Biogen Inc. (BIIB) said that the U.S. Food and Drug Administration has approved Qalsody (tofersen) 100 mg/15mL injection for the treatment of amyotrophic lateral sclerosis or ALS in adults who have a mutation in the superoxide dismutase 1 (SOD1) gene.
The indication is approved under accelerated approval based on reduction in plasma neurofilament light chain (NfL) observed in patients treated with Qalsody. Continued approval for this indication may be contingent upon verification of clinical benefit in confirmatory trial(s).
The ongoing Phase 3 ATLAS study of tofersen in people with presymptomatic SOD1-ALS will serve as the confirmatory trial.
Neurofilaments are proteins that are released from neurons when they are damaged, making them a marker of neurodegeneration.

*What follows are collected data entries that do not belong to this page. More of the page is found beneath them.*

lemma bern_dens_le_sqrt_648:
  assumes r: "\<forall>j<n. 0 \<le> r j \<and> r j \<le> 1" and var: "0 < bern_var r n"
  shows "bern_dens r n k \<le> sqrt 648 / sqrt (bern_var r n)"
proof -
  let ?f = "bern_dens r n"
  obtain m where "m \<le> n" and uni: "unimodal_at ?f m" using bern_dens_unimodal[OF r] by auto
  have nonneg: "0 \<le> ?f k" for k by (rule bern_dens_nonneg[OF r])
  have lc: "log_concave_seq ?f" by (rule bern_dens_log_concave[OF r])
  have mass: "(\<Sum>k<N. ?f k) \<le> 1" for N by (rule sum_bern_dens_le_1[OF r])
  have pos: "0 < ?f m"
  proof (rule ccontr)
    assume "\<not> 0 < ?f m"
    then have "(\<Sum>k<Suc n. ?f k) \<le> 0"
      using unimodal_at_max[OF uni] by (intro sum_nonpos) (meson not_less order_trans)
    then show False using sum_bern_dens[of n "Suc n" r] by simp
  qed
  have split: "{..<Suc n} = {..<m} \<union> {m..<Suc n}" using \<open>m \<le> n\<close> by auto
  have "bern_var r n \<le> (\<Sum>k<Suc n. (real k - real m)^2 * ?f k)"
    using sum_sq_dev_bern_dens[of n "Suc n" "real m" r] by simp
  also have "\<dots> = (\<Sum>k<m. (real k - real m)^2 * ?f k)
      + (\<Sum>k\<in>{m..<Suc n}. (real k - real m)^2 * ?f k)"
    unfolding split by (rule sum.union_disjoint) auto
  also have "\<dots> \<le> 324 / (?f m)^2 + 324 / (?f m)^2"
    by (intro add_mono unimodal_left_tail_le[OF nonneg lc uni mass pos]
        unimodal_right_tail_le[OF nonneg lc uni mass pos])
  finally have "bern_var r n * (?f m)^2 \<le> 648" using pos by (simp add: field_simps)
  moreover have "(?f k)^2 \<le> (?f m)^2" using nonneg unimodal_at_max[OF uni] by (intro power_mono)
  ultimately have "bern_var r n * (?f k)^2 \<le> 648"
    using var by (meson mult_left_mono order_trans less_imp_le)
  then have "(?f k)^2 \<le> 648 / bern_var r n" using var by (simp add: field_simps)
  then have "?f k \<le> sqrt (648 / bern_var r n)" by (rule real_le_rsqrt)
  then show ?thesis by (simp add: real_sqrt_divide)
qed

definition bcv_constants :: "real set" where
  "bcv_constants = {c. \<forall>(n::nat) (p::nat \<Rightarrow> real).
      (\<forall>i<n. 0 \<le> p i \<and> p i \<le> 1) \<longrightarrow> bern_var p n > 0 \<longrightarrow>
      (\<forall>k. pmf (bern_sum p n) k \<le> c / sqrt (bern_var p n))}"

lemma bern_dens_le_eta_BCV:
  assumes r: "\<forall>j<n. 0 \<le> r j \<and> r j \<le> 1" and var: "0 < bern_var r n"
  shows "bern_dens r n k \<le> eta_BCV / sqrt (bern_var r n)"
proof -
  have "sqrt 648 \<in> bcv_constants"
    unfolding bcv_constants_def using bern_dens_le_sqrt_648 pmf_bern_sum by simp
  then have "bern_dens r n k * sqrt (bern_var r n) \<le> Inf bcv_constants"
  proof (intro cInf_greatest)
    fix c assume "c \<in> bcv_constants"
    then have "pmf (bern_sum r n) k \<le> c / sqrt (bern_var r n)"
      unfolding bcv_constants_def using r var by blast
    then show "bern_dens r n k * sqrt (bern_var r n) \<le> c"
      using pmf_bern_sum[OF r] var by (simp add: field_simps)
  qed auto
  then show ?thesis using var by (simp add: eta_BCV_def bcv_constants_def field_simps)
qed

lemma eta_BCV_nonneg: "0 \<le> eta_BCV"
proof -
  let ?r = "\<lambda>_::nat. 1/2 :: real"
  have var: "bern_var ?r (Suc 0) = 1/4" by (simp add: bern_var_def)
  have le: "bern_dens ?r (Suc 0) 0 \<le> eta_BCV / sqrt (bern_var ?r (Suc 0))"
    by (rule bern_dens_le_eta_BCV) (auto simp: var)
  have half: "bern_dens ?r (Suc 0) 0 = 1/2" by (simp add: conv_bernoulli_def seq_shift_def)
  have "sqrt (1/4) = (1/2 :: real)" by (rule real_sqrt_unique) (simp_all add: power2_eq_square)
  then have "1/2 \<le> eta_BCV / (1/2)" using le unfolding half var by simp
  then show ?thesis by simp
qed

lemma bern_var_nonneg: "\<forall>j<n. 0 \<le> r j \<and> r j \<le> 1 \<Longrightarrow> 0 \<le> bern_var r n"
  unfolding bern_var_def by (intro sum_nonneg) auto

text \<open>For \<open>s \<le> \<eta>\<^sup>2 + 1/4\<close> the trivial bound \<open>w \<le> 1\<close> suffices, otherwise the
  anticoncentration bound does; the constant \<open>5/4\<close> is where the two regimes meet.\<close>
lemma le_sqrt_div_sqrt_succ:
  fixes w eta v s :: real
  assumes "0 \<le> w" "w \<le> 1" and anticonc: "0 < v \<Longrightarrow> w \<le> eta / sqrt v"
    and "s - 1/4 \<le> v" "0 \<le> s" "0 \<le> eta"
  shows "w \<le> sqrt (5/4 + eta^2) / sqrt (s + 1)"
proof -
  have "w^2 \<le> (5/4 + eta^2) / (s + 1)"
  proof (cases "s + 1 \<le> 5/4 + eta^2")
    case True
    have "w^2 \<le> 1" using assms by (simp add: power_le_one)
    also have "1 \<le> (5/4 + eta^2) / (s + 1)" using True assms by simp
    finally show ?thesis .
  next
    case False
    define u where "u = s - 1/4"
    have "eta^2 < u" using False by (simp add: u_def)
    then have u: "eta^2 < u" "0 < u" using zero_le_power2[of eta] by linarith+
    then have "w \<le> eta / sqrt v" using anticonc assms u_def by simp
    also have "\<dots> \<le> eta / sqrt u" using assms u u_def
      by (intro divide_left_mono) (auto simp: real_sqrt_le_mono)
    finally have "w^2 \<le> (eta / sqrt u)^2" using assms by (intro power_mono) auto
    also have "\<dots> = eta^2 / u" using u by (simp add: power_divide)
    also have "\<dots> \<le> (5/4 + eta^2) / (s + 1)"
      using u assms by (simp add: frac_le_eq u_def field_simps)
    finally show ?thesis .
  qed
  then have "w \<le> sqrt ((5/4 + eta^2) / (s + 1))" by (rule real_le_rsqrt)
  then show ?thesis by (simp add: real_sqrt_divide)
qed

lemma bern_dens_le_C_BCV:
  assumes r: "\<forall>j<n. 0 \<le> r j \<and> r j \<le> 1" and "0 \<le> s" "s - 1/4 \<le> bern_var r n"
  shows "bern_dens r n k \<le> C_BCV / sqrt (s + 1)"
proof -
  have nonneg: "0 \<le> bern_dens r n j" for j by (rule bern_dens_nonneg[OF r])
  have "bern_dens r n k \<le> (\<Sum>j<Suc k. bern_dens r n j)" using nonneg by (intro member_le_sum) auto
  also have "\<dots> \<le> 1" by (rule sum_bern_dens_le_1[OF r])
  finally have "bern_dens r n k \<le> 1" .
  with nonneg show ?thesis
    using bern_dens_le_eta_BCV[OF r] assms(3,2) eta_BCV_nonneg
    unfolding C_BCV_def by (rule le_sqrt_div_sqrt_succ)
qed

section \<open>Differentiating along a segment\<close>

definition drop_index :: "nat \<Rightarrow> (nat \<Rightarrow> real) \<Rightarrow> nat \<Rightarrow> real" where
  "drop_index i r j = (if j < i then r j else r (Suc j))"

lemma bern_var_drop_index:
  "i < n \<Longrightarrow> bern_var r n = bern_var (drop_index i r) (n - 1) + r i * (1 - r i)"
proof (induction n)
  case (Suc m)
  show ?case
  proof (cases "i = m")
    case True
    have "bern_var (drop_index i r) m = bern_var r m"
      unfolding bern_var_def by (rule sum.cong) (auto simp: drop_index_def True)
    then show ?thesis using True by (simp add: bern_var_def)
  next
    case False
    then obtain m' where "i < m" "m = Suc m'" using Suc.prems by (cases m) auto
    then show ?thesis using Suc.IH by (simp add: bern_var_def drop_index_def)
  qed
qed simp

text \<open>The partial derivative of \<^term>\<open>bern_dens r n k\<close> in \<open>r i\<close>, for \<open>i < n\<close>.\<close>
definition bern_dens_partial :: "(nat \<Rightarrow> real) \<Rightarrow> nat \<Rightarrow> nat \<Rightarrow> nat \<Rightarrow> real" where
  "bern_dens_partial r n i k =
     seq_shift (bern_dens (drop_index i r) (n - 1)) k - bern_dens (drop_index i r) (n - 1) k"

lemma bern_dens_partial_Suc:
  assumes "i < n"
  shows "bern_dens_partial r (Suc n) i k = conv_bernoulli (bern_dens_partial r n i) (r n) k"
proof -
  obtain n' where n: "n = Suc n'" using assms by (cases n) auto
  have "bern_dens (drop_index i r) n = conv_bernoulli (bern_dens (drop_index i r) n') (r n)"
    using assms n by (simp add: drop_index_def)
  then show ?thesis
    by (cases k) (simp_all add: bern_dens_partial_def n conv_bernoulli_def seq_shift_def algebra_simps)
qed

lemma bern_dens_partial_last:
  "bern_dens_partial r (Suc n) n k = seq_shift (bern_dens r n) k - bern_dens r n k"
proof -
  have "bern_dens (drop_index n r) n = bern_dens r n"
    by (rule bern_dens_cong) (simp add: drop_index_def)
  then show ?thesis by (simp add: bern_dens_partial_def)
qed

lemma conv_bernoulli_sum:
  "conv_bernoulli (\<lambda>k. \<Sum>i\<in>I. c i * g i k) a k = (\<Sum>i\<in>I. c i * conv_bernoulli (g i) a k)"
  by (simp add: conv_bernoulli_def seq_shift_def sum_distrib_left ring_distribs sum.distrib
      mult.left_commute)

definition lin_interp :: "(nat \<Rightarrow> real) \<Rightarrow> (nat \<Rightarrow> real) \<Rightarrow> real \<Rightarrow> nat \<Rightarrow> real" where
  "lin_interp p q t j = p j + t * (q j - p j)"

lemma has_real_derivative_bern_dens:
  "((\<lambda>t. bern_dens (lin_interp p q t) n k) has_real_derivative
     (\<Sum>i<n. (q i - p i) * bern_dens_partial (lin_interp p q t) n i k)) (at t)"
proof (induction n arbitrary: k)
  case (Suc n)
  define r where "r = lin_interp p q t"
  define F' where "F' k = (\<Sum>i<n. (q i - p i) * bern_dens_partial r n i k)" for k
  have F: "((\<lambda>t. bern_dens (lin_interp p q t) n k) has_real_derivative F' k) (at t)" for k
    using Suc.IH unfolding F'_def r_def .
  have shift_F: "((\<lambda>t. seq_shift (bern_dens (lin_interp p q t) n) k)
      has_real_derivative seq_shift F' k) (at t)"
    using F by (cases k) (simp_all add: seq_shift_def)
  have a: "((\<lambda>t. lin_interp p q t n) has_real_derivative (q n - p n)) (at t)"
    unfolding lin_interp_def by (auto intro!: derivative_eq_intros)
  have "((\<lambda>t. bern_dens (lin_interp p q t) (Suc n) k) has_real_derivative
      (0 - (q n - p n)) * bern_dens r n k + F' k * (1 - r n)
      + ((q n - p n) * seq_shift (bern_dens r n) k + seq_shift F' k * r n)) (at t)"
    unfolding bern_dens.simps conv_bernoulli_def r_def
    by (intro DERIV_add DERIV_mult DERIV_diff DERIV_const a F shift_F)
  also have "(0 - (q n - p n)) * bern_dens r n k + F' k * (1 - r n)
      + ((q n - p n) * seq_shift (bern_dens r n) k + seq_shift F' k * r n)
      = conv_bernoulli F' (r n) k + (q n - p n) * bern_dens_partial r (Suc n) n k"
    by (simp add: bern_dens_partial_last conv_bernoulli_def algebra_simps)
  also have "conv_bernoulli F' (r n) k = (\<Sum>i<n. (q i - p i) * bern_dens_partial r (Suc n) i k)"
    unfolding F'_def conv_bernoulli_sum by (rule sum.cong) (simp_all add: bern_dens_partial_Suc)
  finally show ?case by (simp add: r_def)
qed simp

lemma sum_abs_bern_dens_partial_le:
  assumes r: "\<forall>j<n. 0 \<le> r j \<and> r j \<le> 1" and "i < n"
  shows "(\<Sum>k<Suc n. \<bar>bern_dens_partial r n i k\<bar>) \<le> 2 * C_BCV / sqrt (bern_var r n + 1)"
proof -
  obtain m where n: "n = Suc m" using \<open>i < n\<close> by (cases n) auto
  let ?r = "drop_index i r"
  have r': "\<forall>j<m. 0 \<le> ?r j \<and> ?r j \<le> 1" using r n by (auto simp: drop_index_def)
  have nonneg: "0 \<le> bern_dens ?r m k" for k by (rule bern_dens_nonneg[OF r'])
  obtain m0 where "m0 \<le> m" and uni: "unimodal_at (bern_dens ?r m) m0"
    using bern_dens_unimodal[OF r'] by auto
  have "(\<Sum>k<Suc n. \<bar>bern_dens_partial r n i k\<bar>)
      = (\<Sum>k<Suc (Suc m). \<bar>bern_dens ?r m k - seq_shift (bern_dens ?r m) k\<bar>)"
    by (simp add: bern_dens_partial_def n abs_minus_commute)
  also have "\<dots> = 2 * bern_dens ?r m m0"
    using sum_abs_diff_seq_shift[OF uni nonneg, of "Suc m"] \<open>m0 \<le> m\<close> bern_dens_eq_0[of m "Suc m"]
    by simp
  also have "\<dots> \<le> 2 * (C_BCV / sqrt (bern_var r n + 1))"
  proof -
    have "1/4 - r i * (1 - r i) = (r i - 1/2)^2" by (simp add: power2_eq_square algebra_simps)
    then have "r i * (1 - r i) \<le> 1/4" using zero_le_power2[of "r i - 1/2"] by linarith
    then have "bern_var r n - 1/4 \<le> bern_var ?r m"
      using bern_var_drop_index[OF \<open>i < n\<close>, of r] n by simp
    then have "bern_dens ?r m m0 \<le> C_BCV / sqrt (bern_var r n + 1)"
      by (rule bern_dens_le_C_BCV[OF r' bern_var_nonneg[OF r]])
    then show ?thesis by linarith
  qed
  finally show ?thesis by simp
qed

lemma sum_abs_directional_deriv_le:
  assumes r: "\<forall>j<n. 0 \<le> r j \<and> r j \<le> 1"
  shows "(\<Sum>k<Suc n. \<bar>\<Sum>i<n. d i * bern_dens_partial r n i k\<bar>)
    \<le> (\<Sum>i<n. \<bar>d i\<bar>) * (2 * C_BCV / sqrt (bern_var r n + 1))"
proof -
  have "(\<Sum>k<Suc n. \<bar>\<Sum>i<n. d i * bern_dens_partial r n i k\<bar>)
      \<le> (\<Sum>k<Suc n. \<Sum>i<n. \<bar>d i\<bar> * \<bar>bern_dens_partial r n i k\<bar>)"
    by (intro sum_mono order.trans[OF sum_abs]) (simp add: abs_mult)
  also have "\<dots> = (\<Sum>i<n. \<bar>d i\<bar> * (\<Sum>k<Suc n. \<bar>bern_dens_partial r n i k\<bar>))"
    by (simp only: sum_distrib_left) (rule sum.swap)
  also have "\<dots> \<le> (\<Sum>i<n. \<bar>d i\<bar> * (2 * C_BCV / sqrt (bern_var r n + 1)))"
    by (intro sum_mono mult_left_mono sum_abs_bern_dens_partial_le[OF r]) auto
  finally show ?thesis by (simp only: sum_distrib_right)
qed

lemma lin_interp_in_unit:
  assumes "\<forall>j<n. 0 \<le> p j \<and> p j \<le> 1" "\<forall>j<n. 0 \<le> q j \<and> q j \<le> 1" "0 \<le> t" "t \<le> 1"
  shows "\<forall>j<n. 0 \<le> lin_interp p q t j \<and> lin_interp p q t j \<le> 1"
proof (intro allI impI)
  fix j assume "j < n"
  have "lin_interp p q t j = (1 - t) * p j + t * q j" by (simp add: lin_interp_def algebra_simps)
  moreover have "0 \<le> (1 - t) * p j" "0 \<le> t * q j" "(1 - t) * p j \<le> 1 - t" "t * q j \<le> t"
    using assms \<open>j < n\<close> by (auto intro: mult_left_le)
  ultimately show "0 \<le> lin_interp p q t j \<and> lin_interp p q t j \<le> 1" by linarith
qed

The company noted that Qalsody will be made available for shipment in the U.S. to healthcare providers in approximately one week. Biogen anticipates there may be variation in time to treatment as institutions and treatment centers learn about Qalsody.
Qalsody is the first approved treatment to target a genetic cause of ALS. Biogen collaborated with Ionis Pharmaceuticals on the early development of tofersen.
Warnings and precautions associated with Qalsody were serious neurologic events, including myelitis and/or radiculitis; papilledema and elevated intracranial pressure; and aseptic meningitis.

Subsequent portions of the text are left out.